We promised ourselves that we would find a new name for the Sick One, as an act of atonement, after Kosawa regained its freedom. It would be a great name, a name we might even be proud to share with him if we were to happen upon him at a place and time when he no longer had any power over us.
We never did get the opportunity to come up with this new name, for he died on Woja Beki’s bed while we were at school. He died in our collective arms.
* * *
OUR FATHERS’ TIME IN OUR huts that evening was brief—after returning from the forest, they hurriedly ate and bathed and left for Woja Beki’s house, to spend the night with him in his parlor; they couldn’t leave him alone with the remains of a stranger. Even if Woja Beki was no longer fully one of us, he still was our blood, and our fathers could never punish him and his family by leaving them to sit by themselves beside a withering corpse.
Our mothers gave our fathers fruit bowls so they would have something cool to eat during the long, hot night ahead of them. As they bade us good night and stepped outside with stools and their bags of nourishment to walk over to Woja Beki’s house, our fathers appeared older and sadder than we could recall. We’d never seen them look so lost, so confused. Only when we became older, only when we got close to the ages they were during that period, did we realize that what they bore on their faces that night wasn’t grief at the Sick One’s death but the deepest sort of dread, not for themselves, not for what would befall them now that a man had died by their doing, but for us, their children, for the ways in which we would suffer for what they’d tried to do for us. Only when we became parents did we realize how we could harm our children in an attempt to clean out for them the smothering decay of this world.
* * *
—
We imagined that our fathers sat in silence around the body all night.

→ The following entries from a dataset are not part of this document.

(* Let $(X,d)$ be a metric space admitting a weak convergence $w$, and let $(G,\rho)$ be a proper metric group acting on $X$ such that the action is isometric, metrically compatible, and weakly compatible. Then $w$ is a weak convergence for $(X,d_{G,\rho})$.
   Context: A convergence $c$ on a set $X$ is a rule assigning at most one point of $X$ as the "limit" of each sequence in $X$, such that whenever a sequence has limit $x$, every subsequence also has limit $x$; we write $x_n\to x$ in $c$. A convergence $w$ on $X$ is a weak convergence for $(X,d)$ if: (W1) whenever $\{x_n\}$ and $y$ in $X$ satisfy $\sup_n d(x_n,y)<\infty$, there are a subsequence $\{n_k\}$ and $x\in X$ with $x_{n_k}\to x$ in $w$; (W2) whenever $x_n\to x$ in $w$, $d(x,y)\le\liminf_n d(x_n,y)$ for all $y\in X$; (W3) whenever $x_n\to x$ in $w$ and $d(x_n,y)\to d(x,y)$ for some $y\in X$, then $d(x_n,x)\to0$. $(G,\rho)$ is a metric group if $\rho$ is a left-invariant metric on the group $G$ whose topology makes $G$ a topological group; it is proper if, in addition, closed $\rho$-bounded sets are compact. The action is isometric if $d(g\cdot x,g\cdot x')=d(x,x')$; it is compatible with a convergence $c$ on $X$ if $x_n\to x$ in $c$ and $g_n\to g$ in $G$ imply $g_n\cdot x_n\to g\cdot x$ in $c$; metrically compatible means compatible with convergence in $d$, weakly compatible means compatible with $w$. The regularized metric is $d_{G,\rho}(x,x'):=\min_{g\in G}\sqrt{\rho^2(g,e)+d^2(x,g\cdot x')}$, where $e$ is the identity of $G$. *)

theory Defs
  imports "HOL-Analysis.Analysis" "HOL-Algebra.Group"
begin

definition convergence :: "'x set \<Rightarrow> ((nat \<Rightarrow> 'x) \<Rightarrow> 'x \<Rightarrow> bool) \<Rightarrow> bool" where
  "convergence X c \<longleftrightarrow>
     (\<forall>xs x. c xs x \<longrightarrow> (\<forall>n. xs n \<in> X) \<and> x \<in> X) \<and>
     (\<forall>xs x y. c xs x \<and> c xs y \<longrightarrow> x = y) \<and>
     (\<forall>xs x r. c xs x \<and> strict_mono (r :: nat \<Rightarrow> nat) \<longrightarrow> c (xs \<circ> r) x)"

definition weak_convergence ::
  "'x set \<Rightarrow> ('x \<Rightarrow> 'x \<Rightarrow> real) \<Rightarrow> ((nat \<Rightarrow> 'x) \<Rightarrow> 'x \<Rightarrow> bool) \<Rightarrow> bool" where
  "weak_convergence X d w \<longleftrightarrow>
     convergence X w \<and>
     (\<forall>xs y. (\<forall>n. xs n \<in> X) \<and> y \<in> X \<and> bdd_above (range (\<lambda>n. d (xs n) y)) \<longrightarrow>
        (\<exists>r x. strict_mono (r :: nat \<Rightarrow> nat) \<and> x \<in> X \<and> w (xs \<circ> r) x)) \<and>
     (\<forall>xs x y. w xs x \<and> y \<in> X \<longrightarrow> ereal (d x y) \<le> liminf (\<lambda>n. ereal (d (xs n) y))) \<and>
     (\<forall>xs x y. w xs x \<and> y \<in> X \<and> (\<lambda>n. d (xs n) y) \<longlonglongrightarrow> d x y \<longrightarrow>
        (\<lambda>n. d (xs n) x) \<longlonglongrightarrow> 0)"

definition metric_group :: "('g, 'b) monoid_scheme \<Rightarrow> ('g \<Rightarrow> 'g \<Rightarrow> real) \<Rightarrow> bool" where
  "metric_group G \<rho> \<longleftrightarrow>
     group G \<and> Metric_space (carrier G) \<rho> \<and>
     (\<forall>g\<in>carrier G. \<forall>h\<in>carrier G. \<forall>h'\<in>carrier G. \<rho> (g \<otimes>\<^bsub>G\<^esub> h) (g \<otimes>\<^bsub>G\<^esub> h') = \<rho> h h') \<and>
     continuous_map
       (prod_topology (Metric_space.mtopology (carrier G) \<rho>) (Metric_space.mtopology (carrier G) \<rho>))
       (Metric_space.mtopology (carrier G) \<rho>) (\<lambda>(g, h). g \<otimes>\<^bsub>G\<^esub> h) \<and>
     continuous_map (Metric_space.mtopology (carrier G) \<rho>) (Metric_space.mtopology (carrier G) \<rho>)
       (\<lambda>g. inv\<^bsub>G\<^esub> g)"

definition proper_metric_group :: "('g, 'b) monoid_scheme \<Rightarrow> ('g \<Rightarrow> 'g \<Rightarrow> real) \<Rightarrow> bool" where
  "proper_metric_group G \<rho> \<longleftrightarrow>
     metric_group G \<rho> \<and>
     (\<forall>S. closedin (Metric_space.mtopology (carrier G) \<rho>) S \<and> Metric_space.mbounded (carrier G) \<rho> S
          \<longrightarrow> compactin (Metric_space.mtopology (carrier G) \<rho>) S)"

definition group_action_on :: "('g, 'b) monoid_scheme \<Rightarrow> 'x set \<Rightarrow> ('g \<Rightarrow> 'x \<Rightarrow> 'x) \<Rightarrow> bool" where
  "group_action_on G X act \<longleftrightarrow>
     (\<forall>g\<in>carrier G. \<forall>x\<in>X. act g x \<in> X) \<and>
     (\<forall>x\<in>X. act \<one>\<^bsub>G\<^esub> x = x) \<and>
     (\<forall>g\<in>carrier G. \<forall>h\<in>carrier G. \<forall>x\<in>X. act (g \<otimes>\<^bsub>G\<^esub> h) x = act g (act h x))"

Not knowing the custom of the dead man’s ancestral village, not knowing the best way to handle his remains, meant nothing could be said to it all night—our fathers wouldn’t dare wrong the corpse of a stranger. If the Sick One were from Kosawa, there would have been singing around him all night, every able-bodied adult present. Jakani and Sakani would have cut off all his hair, and his nails too, which they would burn, the ashes of which they would take to do something we would never know. For this stranger, none of this could be done—his spirit could obey the laws of his land and no other laws. So, in silence, sitting on their stools, our fathers must have waited for the hours to pass, allowing the dead man’s spirit to leave his body fully and go where it needed to. When a touch confirmed that his body had lost all its warmth, evidence that his spirit was gone, Woja Beki and the men must have started the conversation on what to do with the body.